I have been researching this a lot but am frustrated as I feel like the solution should be simple though I know wont be. Ideally i'd just want to use node to host the server, webrtc getusermedia to get the live stream on the local client and use something like socket.io to send the stream to the server and then the server would broadcast the stream to the remote client; as if it was a simple messaging chat app.

Just thinking about this some more it seems as an approach this simple would be impossible because a live video requires continuous large amounts of data to be sent, which does not equate to sending a single message or even file after an event (send button pressed).

Maybe I am wrong however, can a live video stream app follow the same structure of a node/socket.io messenger app? Would you send the media object returned from getUserMedia, the blob, some binary data some how (I've tried all of these but perhaps not correctly).

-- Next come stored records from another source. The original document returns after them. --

definition bil :: "('a \<Rightarrow> 'b \<Rightarrow> ('c \<Rightarrow>\<^sub>0 'k::field)) \<Rightarrow> ('a \<Rightarrow>\<^sub>0 'k) \<Rightarrow> ('b \<Rightarrow>\<^sub>0 'k) \<Rightarrow> ('c \<Rightarrow>\<^sub>0 'k)" where
  "bil f p q = (\<Sum>u\<in>Poly_Mapping.keys p. \<Sum>v\<in>Poly_Mapping.keys q.
      Poly_Mapping.map (\<lambda>c. Poly_Mapping.lookup p u * Poly_Mapping.lookup q v * c) (f u v))"

definition scal :: "'k::field \<Rightarrow> ('a \<Rightarrow>\<^sub>0 'k) \<Rightarrow> ('a \<Rightarrow>\<^sub>0 'k)" where
  "scal k p = Poly_Mapping.map (\<lambda>c. k * c) p"

definition tens :: "'k::field lc \<Rightarrow> 'k lc \<Rightarrow> 'k tc" where
  "tens p q = (\<Sum>u\<in>Poly_Mapping.keys p. \<Sum>v\<in>Poly_Mapping.keys q. Poly_Mapping.single (u, v) (Poly_Mapping.lookup p u * Poly_Mapping.lookup q v))"

definition bar :: "'k::field lc" where "bar = Poly_Mapping.single Leaf 1"

definition graft :: "tree list \<Rightarrow> 'k::field lc \<Rightarrow> tree list \<Rightarrow> 'k lc" where
  "graft pre c post = (\<Sum>u\<in>Poly_Mapping.keys c. Poly_Mapping.single (Node (pre @ [u] @ post)) (Poly_Mapping.lookup c u))"

datatype op = Prec | Dot | Succ | Star

function tri :: "op \<Rightarrow> tree \<Rightarrow> tree \<Rightarrow> 'k::field lc" where
  "tri Star Leaf v = Poly_Mapping.single v 1"
| "tri Star (Node xs) Leaf = Poly_Mapping.single (Node xs) 1"
| "tri Star (Node xs) (Node ys) =
     tri Prec (Node xs) (Node ys) + tri Dot (Node xs) (Node ys) + tri Succ (Node xs) (Node ys)"
| "tri Prec Leaf v = 0"
| "tri Prec (Node xs) Leaf = Poly_Mapping.single (Node xs) 1"
| "tri Prec (Node xs) (Node ys) =
     (if xs = [] then 0 else graft (butlast xs) (tri Star (last xs) (Node ys)) [])"
| "tri Dot Leaf v = 0"
| "tri Dot (Node xs) Leaf = 0"
| "tri Dot (Node xs) (Node ys) =
     (if xs = [] \<or> ys = [] then 0
      else graft (butlast xs) (tri Star (last xs) (hd ys)) (tl ys))"
| "tri Succ Leaf v = Poly_Mapping.single v 1"
| "tri Succ (Node xs) Leaf = 0"
| "tri Succ (Node xs) (Node ys) =
     (if ys = [] then 0 else graft [] (tri Star (Node xs) (hd ys)) (tl ys))"
  by pat_completeness auto

lemma size_last_less: "xs \<noteq> [] \<Longrightarrow> size (last xs) < Suc (size_list size xs)"
  by (metis last_in_set less_Suc_eq_le size_list_estimation' order_refl)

The ideal goal would be an app that uses as little extra fluff as necessary, as little npm installs, as little extra javascript libraries, or little worrying about encoding/decoding or whatever the hell ICE or STUN are. Is there any way this is possible or am I asking for too much?

Ideal Client

    var socket = io();
    var local = document.getElementById("local_video");
    var remote = document.getElementById("remote_video");

    // display local video
    navigator.mediaDevices.getUserMedia({video: true, audio: true}).then(function(stream) {
      local.src = window.URL.createObjectURL(stream);
      socket.emit("stream", stream);
    }).catch(function(err){console.log(err);});

    // displays remote video
    socket.on("stream", function(stream){
      remote.src = window.URL.createObjectURL(stream);

    });

Ideal Server

var app = require("express")();
var http = require("http").Server(app);
var fs = require("fs");
var io = require("socket.io")(http);

app.get('/', onRequest);
http.listen(process.env.PORT || 3000, function() {
    console.log('server started');
})

//404 response
function send404(response) {
    response.writeHead(404, {"Content-Type" : "text/plain"});
    response.write("Error 404: Page not found");
    response.end();
}

function onRequest(request, response) {
  if(request.method == 'GET' && request.url == '/') {
    response.writeHead(200, {"Content-Type" : "text/html"});
    fs.createReadStream("./index.html").pipe(response);
  } else {
    send404(response);
  }
}

io.on('connection', function(socket) {
  console.log("a user connected");
  socket.on('stream', function(stream) {
    socket.broadcast.emit("stream", stream);
  });
  socket.on('disconnect', function () {
    console.log("user disconnected");
  });
});

This is the broken app in action : https://nodejs-videochat.herokuapp.com/

This is the broken code on github: https://github.com/joshydotpoo/nodejs-videochat

Answer

Gaurav Chaudhary picture Gaurav Chaudhary · Mar 15, 2017

Try to be clear and specific. First, you are not using WebRTC here. getUserMedia() is a part of navigator WebAPI which you are using to get media stream from the camera.

Using WebRTC means you are using ICE and STUN/TURN servers for the purpose of signaling. You will use your host server(Node) for specifying ICE configuration, identify each user and provide a way to call each other.

If you want to stream it through your host, probably you should stream it in chunks and set up your own signaling infrastructure. You can use Stream API with socket io to stream data in chunks(packets). See here Stream API(socket.io)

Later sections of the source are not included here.